(* There is a constant $c>0$ such that the following holds for every $k\ge1$. Let $G$ be the graph obtained from a complete binary tree of depth $k$ (root $x$, $2^k$ leaves) by adding the edges of an arbitrary $3$-regular graph on the vertex set of the $2^k$ leaves. Consider simple random walk on $G$, with stationary measure $\pi(v)=\deg(v)/\sum_w\deg(w)$, and let $S$ consist of the $2^k$ leaves together with the root $x$. Then $$h_S(x)\ge \frac{ck}{|S|}.$$
   Context: For simple random walk $(X_t)$ on $G$ and $A\subset G$, $T_A=\inf\{t\ge0:X_t\in A\}$. The harmonic measure on $S$ from $y$ is $h_{y,S}(z)=\Pr_y[X_{T_S}=z]$ and the harmonic measure from stationarity is $h_S(z)=\sum_y\pi(y)h_{y,S}(z)$. *)

theory Defs
  imports Complex_Main
begin

definition deg :: "'a set \<Rightarrow> ('a \<Rightarrow> 'a \<Rightarrow> bool) \<Rightarrow> 'a \<Rightarrow> nat" where
  "deg V adj v = card {w \<in> V. adj v w}"

definition trans_prob :: "'a set \<Rightarrow> ('a \<Rightarrow> 'a \<Rightarrow> bool) \<Rightarrow> 'a \<Rightarrow> 'a \<Rightarrow> real" where
  "trans_prob V adj u v = (if v \<in> V \<and> adj u v then 1 / real (deg V adj u) else 0)"

text \<open>hit_at V adj n S y z = Pr_y[T_S = n and X_n = z], where T_S = inf{t \<ge> 0. X_t \<in> S}.\<close>
fun hit_at :: "'a set \<Rightarrow> ('a \<Rightarrow> 'a \<Rightarrow> bool) \<Rightarrow> nat \<Rightarrow> 'a set \<Rightarrow> 'a \<Rightarrow> 'a \<Rightarrow> real" where
  "hit_at V adj 0 S y z = (if y \<in> S \<and> y = z then 1 else 0)"
| "hit_at V adj (Suc n) S y z =
     (if y \<in> S then 0 else (\<Sum>w\<in>V. trans_prob V adj y w * hit_at V adj n S w z))"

---------------

- [TASK TO CARRY OUT] Write out the lines above exactly, but only from the one containing "adj (Suc n)" through the last one.

- [WRITTEN SOLUTION]
| "hit_at V adj (Suc n) S y z =
     (if y \<in> S then 0 else (\<Sum>w\<in>V. trans_prob V adj y w * hit_at V adj n S w z))"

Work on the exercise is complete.